A lab skill is a particular shape of skill that enforces a benchmark loop:

Measure
Hypothesize
Change one thing
Re-measure
Keep or discard

The skill body owns the discipline. The repo owns the benchmarks. The LLM owns the hypotheses and the rewrites.

We split each skill into four files:

skill-name/
├── SKILL.md         frontmatter + the core loop, under 500 lines
├── WORKFLOW.md      step-by-step with concrete files and commands
├── PATTERNS.md      reusable moves that have worked before
└── EXPERIMENTS.md   how to log experiments + variance discipline

The agent always sees SKILL.md. It pulls in the other three only when the loop sends it there. Anthropic notes that SKILL.md loses effectiveness past ~500 lines, so the rest belongs in linked files.

the two labs

At noticed we run a Postgres-backed pipeline, a 60M-row ClickHouse cluster and a multi-tenant agent that talks to thousands of users. Both labs came out of real production fires.

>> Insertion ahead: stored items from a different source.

lemma coeff_cyclic_reduce_frobenius_rest:
  assumes "prime p" and "0 < e" and "\<not> p dvd s"
  shows "coeff (cyclic_reduce (p ^ e) (frobenius_rest p (s * p ^ (e - 1))))
    (s * p ^ (e - 1) mod p ^ e) = 1"
proof -
  define b where "b = s * p ^ (e - 1)"
  have pe: "p ^ e = p ^ (e - 1) * p"
    using assms(2) by (cases e) simp_all
  have same_residue: "b * k mod p ^ e = b mod p ^ e \<longleftrightarrow> k = 1" if k: "k \<in> {1..<p}" for k
  proof
    assume "b * k mod p ^ e = b mod p ^ e"
    then have "p ^ e dvd b * k - b"
      using k by (simp add: mod_eq_dvd_iff_nat)
    moreover have "b * k - b = b * (k - 1)"
      by (simp add: diff_mult_distrib2)
    moreover have "b * (k - 1) = p ^ (e - 1) * (s * (k - 1))"
      by (simp add: b_def mult_ac)
    ultimately have "p ^ (e - 1) * p dvd p ^ (e - 1) * (s * (k - 1))"
      by (simp only: pe)
    then have "p dvd s * (k - 1)"
      using prime_gt_0_nat[OF assms(1)] by simp
    then have "p dvd k - 1"
      using assms(1,3) prime_dvd_mult_iff by blast
    then show "k = 1"
      using k by (auto dest: dvd_imp_le)
  qed simp
  have "coeff (cyclic_reduce (p ^ e) (frobenius_rest p b)) (b mod p ^ e) =
      (\<Sum>k\<in>{1..<p}. if b * k mod p ^ e = b mod p ^ e then int ((p choose k) div p) else 0)"
    unfolding frobenius_rest_def cyclic_reduce_sum cyclic_reduce_monom coeff_sum
    by (rule sum.cong) (auto simp: coeff_monom)
  also have "\<dots> = (\<Sum>k\<in>{1..<p}. if k = 1 then 1 else 0)"
    by (rule sum.cong) (simp_all add: same_residue)
  finally show ?thesis
    using prime_ge_2_nat[OF assms(1)] by (simp add: b_def)
qed

lemma cong_cyclic_two_plus_smult_pow:
  "[(2 + smult (int p) G) ^ L = [:2 ^ L:] + smult (int L * int p * 2 ^ (L - 1)) G] (mod p\<^sup>2, n)"
proof -
  define c where "c = int L * int p * 2 ^ (L - 1)"
  obtain r where "(2 + [:int p:] * G) ^ L = 2 ^ L + of_nat L * [:int p:] * 2 ^ (L - 1) * G
      + [:int p:]\<^sup>2 * r"
    using power_add_mult_square[of 2 "[:int p:]" G L] by (elim exE)
  then have "(2 + smult (int p) G) ^ L = [:2 ^ L:] + smult c G + smult (int (p\<^sup>2)) r"
    by (simp add: c_def of_nat_poly numeral_poly poly_const_pow mult_ac)
  also have "[[:2 ^ L:] + smult c G + smult (int (p\<^sup>2)) r = [:2 ^ L:] + smult c G + 0] (mod p\<^sup>2, n)"
    by (intro cong_cyclic_add cong_cyclic_refl cong_cyclic_smult_multiple) simp
  finally show ?thesis
    by (simp add: c_def)
qed
lemma ex_pair_decomp_mem_iff:
  assumes G: "G \<subseteq> {1..m}" and odd: "odd (card G)" and i: "i < m"
  shows "(\<exists>S e. pair_decomp m G S e \<and> i \<in> S) \<longleftrightarrow>
    i \<in> G \<and> (\<exists>P. gale_parity {1..m} G P \<and> odd (num_above G i) = P)"
proof
  assume "\<exists>S e. pair_decomp m G S e \<and> i \<in> S"
  then obtain S e where D: "pair_decomp m G S e" "i \<in> S" by blast
  then have "i \<in> G" unfolding pair_decomp_def by auto
  then show "i \<in> G \<and> (\<exists>P. gale_parity {1..m} G P \<and> odd (num_above G i) = P)"
    using pair_decomp_gale_parity[OF D(1)] pair_decomp_odd_num_above[OF D] by blast
next
  assume "i \<in> G \<and> (\<exists>P. gale_parity {1..m} G P \<and> odd (num_above G i) = P)"
  then obtain P where "i \<in> G" "gale_parity {1..m} G P" "odd (num_above G i) = P" by blast
  then show "\<exists>S e. pair_decomp m G S e \<and> i \<in> S"
    using pair_decomp_of_gale_parity[OF G odd, of P] i by blast
qed

lemma vf_facet_iff_gale_parity:
  assumes "F \<subseteq> {1..m} - {v}" and "v \<in> {1..m}"
  shows "vf_facet m d v F \<longleftrightarrow>
    card (insert v F) = 2*d+1 \<and> (\<exists>P. gale_parity {1..m} (insert v F) P)"
  using assms unfolding vf_facet_def cyc_facet_iff_gale_parity by auto

lemma lower_facet_iff_gale_parity:
  assumes F: "F \<subseteq> {1..m} - {v}" and v: "1 \<le> v" "v < m"
  shows "lower_facet m d v F \<longleftrightarrow> card (insert v F) = 2*d+1 \<and>
    (\<exists>P. gale_parity {1..m} (insert v F) P \<and> odd (num_above (insert v F) v) = P)"
proof (cases "card (insert v F) = 2*d+1")
  case True
  have "insert v F \<subseteq> {1..m}" "v \<in> {1..m}" "odd (card (insert v F))"
    using F v True by auto
  then show ?thesis
    unfolding lower_facet_def vf_facet_iff_gale_parity[OF F \<open>v \<in> {1..m}\<close>]
    using ex_pair_decomp_mem_iff[of "insert v F" m v] v by auto
qed (simp add: lower_facet_def vf_facet_def cyc_facet_def)

lemma upper_facet_iff_gale_parity:
  assumes F: "F \<subseteq> {1..m} - {v}" and v: "2 \<le> v" "v \<le> m"
  shows "upper_facet m d v F \<longleftrightarrow> card (insert v F) = 2*d+1 \<and>
    (\<exists>P. gale_parity {1..m} (insert v F) P \<and> even (num_above (insert v F) v) = P)"
proof (cases "card (insert v F) = 2*d+1")
  case True
  define G where "G = insert v F"
  have G: "G \<subseteq> {1..m}" "odd (card G)" and "v \<in> {1..m}" "v - 1 \<in> {1..m}" "v - 1 < m"
    using F v True unfolding G_def by auto
  have "num_above G (v - 1) = num_above G v + 1"
    using num_above_Suc[of G "v - 1"] G(1) finite_subset v unfolding G_def by auto
  then have "v - 1 \<in> G \<and> odd (num_above G (v - 1)) = P \<longleftrightarrow> even (num_above G v) = P"
    if "gale_parity {1..m} G P" for P
    using gale_parity_gap[OF that \<open>v - 1 \<in> {1..m}\<close>] by (cases "v - 1 \<in> G") auto
  then have "(\<exists>S e. pair_decomp m G S e \<and> v - 1 \<in> S) \<longleftrightarrow>
      (\<exists>P. gale_parity {1..m} G P \<and> even (num_above G v) = P)"
    using ex_pair_decomp_mem_iff[OF G \<open>v - 1 < m\<close>] by blast
  then show ?thesis
    unfolding upper_facet_def vf_facet_iff_gale_parity[OF F \<open>v \<in> {1..m}\<close>] G_def[symmetric]
    using True by auto
qed (simp add: upper_facet_def vf_facet_def cyc_facet_def)

lemma of_nat_less_near_iff:
  fixes t :: real
  assumes "real v - 1 < t" "t < real v + 1" and "u \<noteq> v"
  shows "t < real u \<longleftrightarrow> v < u" and "real u < t \<longleftrightarrow> u < v"
proof -
  have "real u + 1 \<le> real v \<or> real v + 1 \<le> real u"
    using assms(3) by (cases "u < v") (simp_all add: nat_neq_iff flip: of_nat_Suc)
  then show "t < real u \<longleftrightarrow> v < u" "real u < t \<longleftrightarrow> u < v"
    using assms(1,2) by (auto simp flip: of_nat_less_iff)
qed

lemma strict_mono_on_replace_near:
  fixes z :: real
  assumes "real v - 1 < z" "z < real v + 1"
  shows "strict_mono_on A (\<lambda>u. if u = v then z else real u)"
  by (rule strict_mono_onI) (auto simp: of_nat_less_near_iff[OF assms])
text \<open>States U = (rho, v) are elements of real \<times> real (Euclidean norm).
  The parameter s stands for tau^2.\<close>

definition Ubar :: "real \<times> real" where
  "Ubar = (1, 0)"

definition uvel :: "real \<Rightarrow> real \<Rightarrow> real \<Rightarrow> real \<Rightarrow> real \<Rightarrow> real" where
  "uvel \<gamma> ainf \<rho> v s =
     (if s = 0 then - (v^2) / 2 - (\<rho> powr (\<gamma> - 1) - 1) / ((\<gamma> - 1) * ainf^2)
      else (-1 + sqrt (1 - s * (v^2 + 2 * (\<rho> powr (\<gamma> - 1) - 1) / ((\<gamma> - 1) * ainf^2)))) / s)"

definition Gflux :: "real \<Rightarrow> real \<Rightarrow> real \<times> real \<Rightarrow> real \<Rightarrow> real \<times> real" where
  "Gflux \<gamma> ainf U s = (fst U * (1 + s * uvel \<gamma> ainf (fst U) (snd U) s), snd U)"

definition Fflux :: "real \<Rightarrow> real \<Rightarrow> real \<times> real \<Rightarrow> real \<Rightarrow> real \<times> real" where
  "Fflux \<gamma> ainf U s = (fst U * snd U, - uvel \<gamma> ainf (fst U) (snd U) s)"

definition C2_on :: "('a::real_normed_vector \<Rightarrow> 'b::real_normed_vector) \<Rightarrow> 'a set \<Rightarrow> bool" where
  "C2_on f S \<longleftrightarrow> (\<exists>D D2. (\<forall>x\<in>S. (f has_derivative blinfun_apply (D x)) (at x)) \<and>
                           (\<forall>x\<in>S. (D has_derivative blinfun_apply (D2 x)) (at x)) \<and>
                           continuous_on S D2)"

text \<open>lam is a characteristic speed of dG U_x + dF U_y = 0 at (U,s) with right eigenvector r,
  i.e. dF r = lam dG r, r nonzero.\<close>
definition is_char :: "real \<Rightarrow> real \<Rightarrow> real \<Rightarrow> real \<times> real \<Rightarrow> real \<times> real \<Rightarrow> real \<Rightarrow> bool" where
  "is_char \<gamma> ainf lam r U s \<longleftrightarrow> r \<noteq> 0 \<and>
     frechet_derivative (\<lambda>W. Fflux \<gamma> ainf W s) (at U) r =
       lam *\<^sub>R frechet_derivative (\<lambda>W. Gflux \<gamma> ainf W s) (at U) r"

text \<open>Strict hyperbolicity, genuine nonlinearity and normalisation of the eigenvectors
  on the region dist U Ubar < delta, 0 <= s < delta.\<close>
definition char_fields ::
  "real \<Rightarrow> real \<Rightarrow> real \<Rightarrow> (real \<times> real \<Rightarrow> real \<Rightarrow> real) \<Rightarrow> (real \<times> real \<Rightarrow> real \<Rightarrow> real)
   \<Rightarrow> (real \<times> real \<Rightarrow> real \<Rightarrow> real \<times> real) \<Rightarrow> (real \<times> real \<Rightarrow> real \<Rightarrow> real \<times> real) \<Rightarrow> bool" where
  "char_fields \<gamma> ainf \<delta> lam1 lam2 r1 r2 \<longleftrightarrow>
     (\<forall>U s. dist U Ubar < \<delta> \<and> 0 \<le> s \<and> s < \<delta> \<longrightarrow>
        lam1 U s < lam2 U s \<and>
        is_char \<gamma> ainf (lam1 U s) (r1 U s) U s \<and>
        is_char \<gamma> ainf (lam2 U s) (r2 U s) U s \<and>
        (\<lambda>W. lam1 W s) differentiable (at U) \<and>
        (\<lambda>W. lam2 W s) differentiable (at U) \<and>
        frechet_derivative (\<lambda>W. lam1 W s) (at U) (r1 U s) = 1 \<and>
        frechet_derivative (\<lambda>W. lam2 W s) (at U) (r2 U s) = 1)"

text \<open>Phi is the k-th physically admissible wave curve (for the k-th field with speed lam
  and normalised eigenvector r): C^2 jointly in (alpha, U, s), passes through U with
  tangent r at alpha = 0, is a rarefaction (integral) curve of r for alpha > 0 and a
  Lax k-shock curve (Rankine--Hugoniot plus Lax entropy inequalities) for alpha < 0.\<close>
definition wave_curve ::
  "real \<Rightarrow> real \<Rightarrow> real \<Rightarrow> (real \<times> real \<Rightarrow> real \<Rightarrow> real) \<Rightarrow> (real \<times> real \<Rightarrow> real \<Rightarrow> real \<times> real)
   \<Rightarrow> (real \<Rightarrow> real \<times> real \<Rightarrow> real \<Rightarrow> real \<times> real) \<Rightarrow> bool" where
  "wave_curve \<gamma> ainf \<delta> lam r Phi \<longleftrightarrow>
     C2_on (\<lambda>(a, U, s). Phi a U s) {(a, U, s). \<bar>a\<bar> < \<delta> \<and> dist U Ubar < \<delta> \<and> \<bar>s\<bar> < \<delta>} \<and>
     (\<forall>U s. dist U Ubar < \<delta> \<and> 0 \<le> s \<and> s < \<delta> \<longrightarrow>
        Phi 0 U s = U \<and>
        ((\<lambda>a. Phi a U s) has_vector_derivative r U s) (at 0) \<and>
        (\<forall>a. 0 < a \<and> a < \<delta> \<and> dist (Phi a U s) Ubar < \<delta> \<longrightarrow>
             ((\<lambda>b. Phi b U s) has_vector_derivative r (Phi a U s) s) (at a)) \<and>
        (\<forall>a. - \<delta> < a \<and> a < 0 \<and> dist (Phi a U s) Ubar < \<delta> \<longrightarrow>
             (\<exists>\<sigma>. Fflux \<gamma> ainf (Phi a U s) s - Fflux \<gamma> ainf U s =
                     \<sigma> *\<^sub>R (Gflux \<gamma> ainf (Phi a U s) s - Gflux \<gamma> ainf U s) \<and>
                   lam (Phi a U s) s < \<sigma> \<and> \<sigma> < lam U s)))"

end

theory Submission
  imports Defs
begin

text \<open>
  Both wave curves are \<open>C\<^sup>2\<close> in \<open>(\<alpha>, U, \<tau>\<^sup>2)\<close> and pass through \<open>U\<close> for every \<open>\<tau>\<close>, so changing
  \<open>\<tau>\<^sup>2\<close> moves \<open>\<Phi>(\<alpha>; U, \<tau>\<^sup>2)\<close> by \<open>O(|\<alpha>| \<tau>\<^sup>2)\<close>. For \<open>\<tau> = 0\<close> the composite map \<open>\<beta> \<mapsto> \<Phi>(\<beta>; U\<^sub>L)\<close> is,
  near the background state, a small perturbation of \<open>\<beta> \<mapsto> U\<^sub>L + \<beta>\<^sub>1 r\<^sub>1 + \<beta>\<^sub>2 r\<^sub>2\<close>, where \<open>r\<^sub>1, r\<^sub>2\<close> are
  eigenvectors of the flux Jacobian for distinct speeds and hence independent; therefore
  \<open>|\<beta> - \<alpha>| \<le> K |\<Phi>(\<beta>; U\<^sub>L) - \<Phi>(\<alpha>; U\<^sub>L)|\<close>. Inserting \<open>\<Phi>(\<alpha>; U\<^sub>L, \<tau>\<^sup>2)\<close> by the triangle inequality
  gives both (a) and (b).
\<close>

lemma norm_triple_le:
  fixes x :: "'a::real_normed_vector" and y :: "'b::real_normed_vector" and z :: "'c::real_normed_vector"
  shows "norm (x, y, z) \<le> norm x + norm y + norm z"
  using norm_Pair_le[of x "(y, z)"] norm_Pair_le[of y z] by simp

query-optimization-lab triggers when a query is slow, memory-heavy, timing out, or scanning too many rows. The loop:

Pull the hot query from prod system.query_log (read-only).
Reproduce it locally.
Benchmark the current shape on four metrics: read_rows, read_bytes, memory_usage, elapsed_ns.
Make one targeted rewrite.
Benchmark again on the same dataset.
Keep the change only if a bottleneck metric improves and correctness holds.

Production is read-only for diagnosis. All benchmarking runs locally.

The skill encodes ClickHouse settings that LLMs get wrong by default:

max_bytes_before_external_group_by only spills GROUP BY to disk. It does nothing for JOINs.
For JOIN hash-table OOMs you need join_algorithm='auto' plus max_bytes_in_join.
max_memory_usage is a hard kill, not a spill trigger.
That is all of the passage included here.